-- WHAT IS REQUIRED --
Copy, exactly and without additions, every line in the records below from the one holding "w \<in> z) in" through the one holding "int) \<Rightarrow> (int", both ends included.

-- DATASET CONTENT --
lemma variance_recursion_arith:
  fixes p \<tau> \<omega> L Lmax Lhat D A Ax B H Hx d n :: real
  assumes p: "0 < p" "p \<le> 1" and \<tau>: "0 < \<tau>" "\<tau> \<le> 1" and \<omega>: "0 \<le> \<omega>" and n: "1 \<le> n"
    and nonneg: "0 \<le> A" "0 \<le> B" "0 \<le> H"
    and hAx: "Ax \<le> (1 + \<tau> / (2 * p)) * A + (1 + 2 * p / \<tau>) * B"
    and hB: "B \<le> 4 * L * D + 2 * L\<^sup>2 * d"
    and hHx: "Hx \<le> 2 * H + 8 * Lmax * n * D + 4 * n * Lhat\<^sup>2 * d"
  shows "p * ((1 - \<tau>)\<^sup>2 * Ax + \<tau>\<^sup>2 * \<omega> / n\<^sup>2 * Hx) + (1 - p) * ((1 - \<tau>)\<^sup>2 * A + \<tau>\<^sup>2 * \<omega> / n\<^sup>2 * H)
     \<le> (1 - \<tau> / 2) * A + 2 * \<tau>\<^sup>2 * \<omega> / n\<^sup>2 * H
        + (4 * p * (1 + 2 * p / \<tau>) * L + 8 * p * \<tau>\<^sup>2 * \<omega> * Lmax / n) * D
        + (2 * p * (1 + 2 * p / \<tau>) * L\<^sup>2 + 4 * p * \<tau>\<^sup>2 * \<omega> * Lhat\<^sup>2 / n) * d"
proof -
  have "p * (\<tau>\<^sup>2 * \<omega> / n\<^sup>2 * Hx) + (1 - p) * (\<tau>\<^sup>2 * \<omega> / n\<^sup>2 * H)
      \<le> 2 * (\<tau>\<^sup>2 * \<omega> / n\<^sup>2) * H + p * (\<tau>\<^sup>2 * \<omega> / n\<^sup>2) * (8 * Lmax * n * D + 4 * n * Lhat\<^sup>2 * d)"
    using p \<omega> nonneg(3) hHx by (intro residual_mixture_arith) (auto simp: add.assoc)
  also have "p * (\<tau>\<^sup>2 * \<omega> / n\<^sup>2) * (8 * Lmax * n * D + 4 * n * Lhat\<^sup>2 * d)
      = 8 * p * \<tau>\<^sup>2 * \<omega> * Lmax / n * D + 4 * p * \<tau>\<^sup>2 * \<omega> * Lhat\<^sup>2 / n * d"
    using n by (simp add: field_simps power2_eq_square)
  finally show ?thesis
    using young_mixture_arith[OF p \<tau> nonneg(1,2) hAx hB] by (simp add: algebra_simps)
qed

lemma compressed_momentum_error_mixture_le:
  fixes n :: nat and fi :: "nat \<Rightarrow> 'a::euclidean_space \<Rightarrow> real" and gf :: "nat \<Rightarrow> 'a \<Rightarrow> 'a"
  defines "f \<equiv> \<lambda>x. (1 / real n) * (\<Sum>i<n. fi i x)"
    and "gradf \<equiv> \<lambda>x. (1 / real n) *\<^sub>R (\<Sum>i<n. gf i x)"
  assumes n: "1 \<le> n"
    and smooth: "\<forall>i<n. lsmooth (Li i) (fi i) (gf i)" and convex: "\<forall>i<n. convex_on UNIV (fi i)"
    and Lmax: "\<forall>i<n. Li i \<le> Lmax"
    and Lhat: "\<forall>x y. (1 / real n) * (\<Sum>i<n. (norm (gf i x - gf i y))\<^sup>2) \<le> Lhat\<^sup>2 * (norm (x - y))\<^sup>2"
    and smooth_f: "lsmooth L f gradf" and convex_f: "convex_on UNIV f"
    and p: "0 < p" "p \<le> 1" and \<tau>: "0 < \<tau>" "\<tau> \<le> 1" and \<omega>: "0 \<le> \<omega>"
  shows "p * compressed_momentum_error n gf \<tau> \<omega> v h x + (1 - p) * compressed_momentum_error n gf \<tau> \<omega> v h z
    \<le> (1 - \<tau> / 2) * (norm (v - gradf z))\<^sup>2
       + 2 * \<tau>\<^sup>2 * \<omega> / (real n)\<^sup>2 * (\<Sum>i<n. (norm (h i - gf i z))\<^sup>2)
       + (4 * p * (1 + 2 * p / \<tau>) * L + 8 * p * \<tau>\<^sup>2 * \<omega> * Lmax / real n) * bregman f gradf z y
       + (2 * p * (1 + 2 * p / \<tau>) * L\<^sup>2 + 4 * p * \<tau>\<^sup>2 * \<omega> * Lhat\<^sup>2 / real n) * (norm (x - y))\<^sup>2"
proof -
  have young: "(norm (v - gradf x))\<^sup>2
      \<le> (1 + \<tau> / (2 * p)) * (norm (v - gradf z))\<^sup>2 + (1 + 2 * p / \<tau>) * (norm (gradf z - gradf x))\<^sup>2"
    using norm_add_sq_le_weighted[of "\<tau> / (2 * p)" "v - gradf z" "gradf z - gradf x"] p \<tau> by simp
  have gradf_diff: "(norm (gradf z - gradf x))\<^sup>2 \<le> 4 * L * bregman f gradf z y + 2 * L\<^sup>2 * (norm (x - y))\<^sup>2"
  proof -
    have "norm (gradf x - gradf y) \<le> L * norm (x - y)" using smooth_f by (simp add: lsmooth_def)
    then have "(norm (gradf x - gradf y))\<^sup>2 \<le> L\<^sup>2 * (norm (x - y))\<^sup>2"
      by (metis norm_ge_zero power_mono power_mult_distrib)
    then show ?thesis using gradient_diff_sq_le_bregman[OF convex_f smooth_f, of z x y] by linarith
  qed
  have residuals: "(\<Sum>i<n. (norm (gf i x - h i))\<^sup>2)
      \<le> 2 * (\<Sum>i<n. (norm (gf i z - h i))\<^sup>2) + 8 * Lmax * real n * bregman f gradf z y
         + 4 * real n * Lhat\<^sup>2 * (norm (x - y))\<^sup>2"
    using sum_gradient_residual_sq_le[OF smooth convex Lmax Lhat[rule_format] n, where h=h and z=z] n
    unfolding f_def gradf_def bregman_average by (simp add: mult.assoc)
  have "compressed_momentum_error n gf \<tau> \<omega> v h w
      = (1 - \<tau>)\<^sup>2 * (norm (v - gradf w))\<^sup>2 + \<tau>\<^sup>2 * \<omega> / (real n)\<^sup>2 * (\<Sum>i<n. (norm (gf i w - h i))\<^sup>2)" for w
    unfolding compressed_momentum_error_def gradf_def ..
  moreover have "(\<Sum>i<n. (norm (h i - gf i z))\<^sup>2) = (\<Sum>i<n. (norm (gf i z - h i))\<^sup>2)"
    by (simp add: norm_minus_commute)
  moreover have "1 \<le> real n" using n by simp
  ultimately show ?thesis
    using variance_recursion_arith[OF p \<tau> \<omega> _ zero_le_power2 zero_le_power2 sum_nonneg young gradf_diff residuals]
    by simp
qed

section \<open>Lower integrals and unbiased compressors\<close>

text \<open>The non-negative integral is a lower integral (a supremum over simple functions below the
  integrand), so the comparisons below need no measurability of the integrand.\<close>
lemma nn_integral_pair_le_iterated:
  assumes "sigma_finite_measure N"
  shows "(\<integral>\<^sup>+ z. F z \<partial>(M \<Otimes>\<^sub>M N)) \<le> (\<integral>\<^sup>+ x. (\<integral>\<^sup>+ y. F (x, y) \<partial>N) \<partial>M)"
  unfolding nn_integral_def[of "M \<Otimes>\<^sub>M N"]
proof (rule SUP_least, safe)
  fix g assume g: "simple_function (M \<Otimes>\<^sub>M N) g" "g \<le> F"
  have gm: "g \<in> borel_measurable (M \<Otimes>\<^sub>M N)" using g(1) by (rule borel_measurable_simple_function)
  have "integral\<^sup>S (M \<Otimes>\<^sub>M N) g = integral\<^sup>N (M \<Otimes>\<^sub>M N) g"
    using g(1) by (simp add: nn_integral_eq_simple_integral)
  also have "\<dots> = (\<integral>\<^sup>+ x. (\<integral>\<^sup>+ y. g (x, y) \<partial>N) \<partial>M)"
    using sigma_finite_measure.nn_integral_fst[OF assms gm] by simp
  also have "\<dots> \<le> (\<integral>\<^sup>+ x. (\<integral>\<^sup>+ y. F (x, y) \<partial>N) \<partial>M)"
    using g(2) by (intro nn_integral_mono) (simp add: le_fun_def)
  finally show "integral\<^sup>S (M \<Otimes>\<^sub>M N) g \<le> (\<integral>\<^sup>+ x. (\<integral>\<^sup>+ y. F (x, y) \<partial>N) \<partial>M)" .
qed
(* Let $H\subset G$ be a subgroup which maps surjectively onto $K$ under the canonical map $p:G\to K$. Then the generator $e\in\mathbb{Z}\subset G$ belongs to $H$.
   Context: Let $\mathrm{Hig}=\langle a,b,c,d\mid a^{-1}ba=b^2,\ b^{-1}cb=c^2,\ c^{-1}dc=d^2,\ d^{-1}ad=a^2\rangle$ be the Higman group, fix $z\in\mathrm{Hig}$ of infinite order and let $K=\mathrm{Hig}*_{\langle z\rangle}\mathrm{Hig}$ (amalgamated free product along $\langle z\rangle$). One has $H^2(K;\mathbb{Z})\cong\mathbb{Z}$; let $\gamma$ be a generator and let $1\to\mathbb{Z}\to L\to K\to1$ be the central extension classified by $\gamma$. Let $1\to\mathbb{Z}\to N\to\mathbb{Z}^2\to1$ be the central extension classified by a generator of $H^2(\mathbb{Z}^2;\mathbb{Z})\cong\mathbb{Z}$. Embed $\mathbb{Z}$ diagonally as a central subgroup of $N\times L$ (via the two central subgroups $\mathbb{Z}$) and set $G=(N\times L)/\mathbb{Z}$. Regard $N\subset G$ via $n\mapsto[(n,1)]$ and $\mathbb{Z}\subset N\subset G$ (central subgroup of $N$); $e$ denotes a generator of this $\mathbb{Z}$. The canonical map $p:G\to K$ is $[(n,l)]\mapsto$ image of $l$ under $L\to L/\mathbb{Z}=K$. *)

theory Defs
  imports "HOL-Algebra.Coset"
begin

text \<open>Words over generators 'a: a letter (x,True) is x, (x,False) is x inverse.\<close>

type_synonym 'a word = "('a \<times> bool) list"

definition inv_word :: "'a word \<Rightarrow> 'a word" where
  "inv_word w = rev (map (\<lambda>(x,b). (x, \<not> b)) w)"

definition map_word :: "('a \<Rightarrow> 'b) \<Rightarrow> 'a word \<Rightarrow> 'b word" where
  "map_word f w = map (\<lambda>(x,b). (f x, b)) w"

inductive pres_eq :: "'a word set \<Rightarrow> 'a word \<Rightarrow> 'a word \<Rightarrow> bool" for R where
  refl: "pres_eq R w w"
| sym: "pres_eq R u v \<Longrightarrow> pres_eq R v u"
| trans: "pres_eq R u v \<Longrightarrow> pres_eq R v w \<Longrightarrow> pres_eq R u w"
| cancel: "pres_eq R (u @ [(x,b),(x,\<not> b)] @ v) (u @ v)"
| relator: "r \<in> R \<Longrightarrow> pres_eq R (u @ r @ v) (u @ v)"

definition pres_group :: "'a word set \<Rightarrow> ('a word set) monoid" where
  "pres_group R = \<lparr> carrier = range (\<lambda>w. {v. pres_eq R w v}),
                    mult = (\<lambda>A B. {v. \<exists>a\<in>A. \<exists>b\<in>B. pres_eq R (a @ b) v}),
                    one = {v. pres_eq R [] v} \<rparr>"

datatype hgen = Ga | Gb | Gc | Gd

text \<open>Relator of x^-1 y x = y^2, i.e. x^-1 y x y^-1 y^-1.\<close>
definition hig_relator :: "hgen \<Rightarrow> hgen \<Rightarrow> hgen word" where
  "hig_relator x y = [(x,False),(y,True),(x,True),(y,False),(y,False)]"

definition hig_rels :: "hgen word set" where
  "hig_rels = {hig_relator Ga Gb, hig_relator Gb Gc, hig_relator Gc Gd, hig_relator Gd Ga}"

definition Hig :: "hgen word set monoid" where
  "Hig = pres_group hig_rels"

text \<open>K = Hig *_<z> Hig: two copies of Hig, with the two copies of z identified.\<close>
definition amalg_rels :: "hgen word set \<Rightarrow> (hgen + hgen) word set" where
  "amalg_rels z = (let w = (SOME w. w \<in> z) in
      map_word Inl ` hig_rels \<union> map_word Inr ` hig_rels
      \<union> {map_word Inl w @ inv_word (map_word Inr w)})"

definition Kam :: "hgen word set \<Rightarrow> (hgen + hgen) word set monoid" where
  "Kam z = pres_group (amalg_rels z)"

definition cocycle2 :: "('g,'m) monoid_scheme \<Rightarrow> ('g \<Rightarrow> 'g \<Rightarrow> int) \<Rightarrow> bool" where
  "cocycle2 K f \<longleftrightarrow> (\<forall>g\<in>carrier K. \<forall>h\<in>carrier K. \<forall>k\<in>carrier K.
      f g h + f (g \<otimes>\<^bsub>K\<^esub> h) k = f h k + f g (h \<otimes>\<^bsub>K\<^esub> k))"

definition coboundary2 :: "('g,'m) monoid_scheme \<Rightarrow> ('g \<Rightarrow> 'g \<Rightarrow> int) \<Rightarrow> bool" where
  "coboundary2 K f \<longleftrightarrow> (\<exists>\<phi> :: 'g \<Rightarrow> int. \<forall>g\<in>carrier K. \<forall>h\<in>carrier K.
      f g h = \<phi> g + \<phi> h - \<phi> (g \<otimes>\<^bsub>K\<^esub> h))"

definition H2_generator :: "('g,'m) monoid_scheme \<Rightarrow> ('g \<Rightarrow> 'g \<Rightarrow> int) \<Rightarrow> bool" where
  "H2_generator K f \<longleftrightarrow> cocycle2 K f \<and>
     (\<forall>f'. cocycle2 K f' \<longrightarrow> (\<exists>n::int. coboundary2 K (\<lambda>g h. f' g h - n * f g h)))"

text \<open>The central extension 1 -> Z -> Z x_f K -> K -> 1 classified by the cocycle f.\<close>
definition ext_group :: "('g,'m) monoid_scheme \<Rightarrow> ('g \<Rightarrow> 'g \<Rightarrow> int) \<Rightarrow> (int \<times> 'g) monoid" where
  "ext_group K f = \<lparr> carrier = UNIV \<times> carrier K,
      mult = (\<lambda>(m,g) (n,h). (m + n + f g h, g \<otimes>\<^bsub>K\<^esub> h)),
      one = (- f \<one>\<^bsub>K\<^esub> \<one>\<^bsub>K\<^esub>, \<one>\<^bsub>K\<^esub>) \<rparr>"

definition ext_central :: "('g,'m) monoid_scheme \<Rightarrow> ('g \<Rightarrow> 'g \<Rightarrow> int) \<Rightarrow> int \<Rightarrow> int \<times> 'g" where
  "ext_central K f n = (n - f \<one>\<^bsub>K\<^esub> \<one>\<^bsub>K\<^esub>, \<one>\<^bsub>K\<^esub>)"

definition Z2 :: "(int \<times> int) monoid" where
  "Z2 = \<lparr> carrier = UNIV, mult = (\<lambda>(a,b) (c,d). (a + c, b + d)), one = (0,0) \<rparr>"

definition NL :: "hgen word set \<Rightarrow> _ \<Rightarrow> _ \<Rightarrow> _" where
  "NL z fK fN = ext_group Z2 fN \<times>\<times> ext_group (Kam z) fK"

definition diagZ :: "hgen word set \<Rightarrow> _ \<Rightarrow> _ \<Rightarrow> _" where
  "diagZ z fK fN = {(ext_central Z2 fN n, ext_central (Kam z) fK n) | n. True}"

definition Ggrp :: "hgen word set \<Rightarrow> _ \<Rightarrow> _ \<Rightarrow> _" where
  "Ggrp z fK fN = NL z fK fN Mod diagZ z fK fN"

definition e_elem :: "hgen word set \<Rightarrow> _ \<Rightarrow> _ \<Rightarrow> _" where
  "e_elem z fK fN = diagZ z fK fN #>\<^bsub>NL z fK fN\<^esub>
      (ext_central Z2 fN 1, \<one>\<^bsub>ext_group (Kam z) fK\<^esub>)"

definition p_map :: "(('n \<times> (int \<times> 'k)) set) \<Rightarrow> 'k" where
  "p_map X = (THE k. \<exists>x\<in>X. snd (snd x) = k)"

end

-- ANSWER TO THE PROBLEM --
  "amalg_rels z = (let w = (SOME w. w \<in> z) in
      map_word Inl ` hig_rels \<union> map_word Inr ` hig_rels
      \<union> {map_word Inl w @ inv_word (map_word Inr w)})"

definition Kam :: "hgen word set \<Rightarrow> (hgen + hgen) word set monoid" where
  "Kam z = pres_group (amalg_rels z)"

definition cocycle2 :: "('g,'m) monoid_scheme \<Rightarrow> ('g \<Rightarrow> 'g \<Rightarrow> int) \<Rightarrow> bool" where
  "cocycle2 K f \<longleftrightarrow> (\<forall>g\<in>carrier K. \<forall>h\<in>carrier K. \<forall>k\<in>carrier K.
      f g h + f (g \<otimes>\<^bsub>K\<^esub> h) k = f h k + f g (h \<otimes>\<^bsub>K\<^esub> k))"

definition coboundary2 :: "('g,'m) monoid_scheme \<Rightarrow> ('g \<Rightarrow> 'g \<Rightarrow> int) \<Rightarrow> bool" where
  "coboundary2 K f \<longleftrightarrow> (\<exists>\<phi> :: 'g \<Rightarrow> int. \<forall>g\<in>carrier K. \<forall>h\<in>carrier K.
      f g h = \<phi> g + \<phi> h - \<phi> (g \<otimes>\<^bsub>K\<^esub> h))"

definition H2_generator :: "('g,'m) monoid_scheme \<Rightarrow> ('g \<Rightarrow> 'g \<Rightarrow> int) \<Rightarrow> bool" where
  "H2_generator K f \<longleftrightarrow> cocycle2 K f \<and>
     (\<forall>f'. cocycle2 K f' \<longrightarrow> (\<exists>n::int. coboundary2 K (\<lambda>g h. f' g h - n * f g h)))"

text \<open>The central extension 1 -> Z -> Z x_f K -> K -> 1 classified by the cocycle f.\<close>
definition ext_group :: "('g,'m) monoid_scheme \<Rightarrow> ('g \<Rightarrow> 'g \<Rightarrow> int) \<Rightarrow> (int \<times> 'g) monoid" where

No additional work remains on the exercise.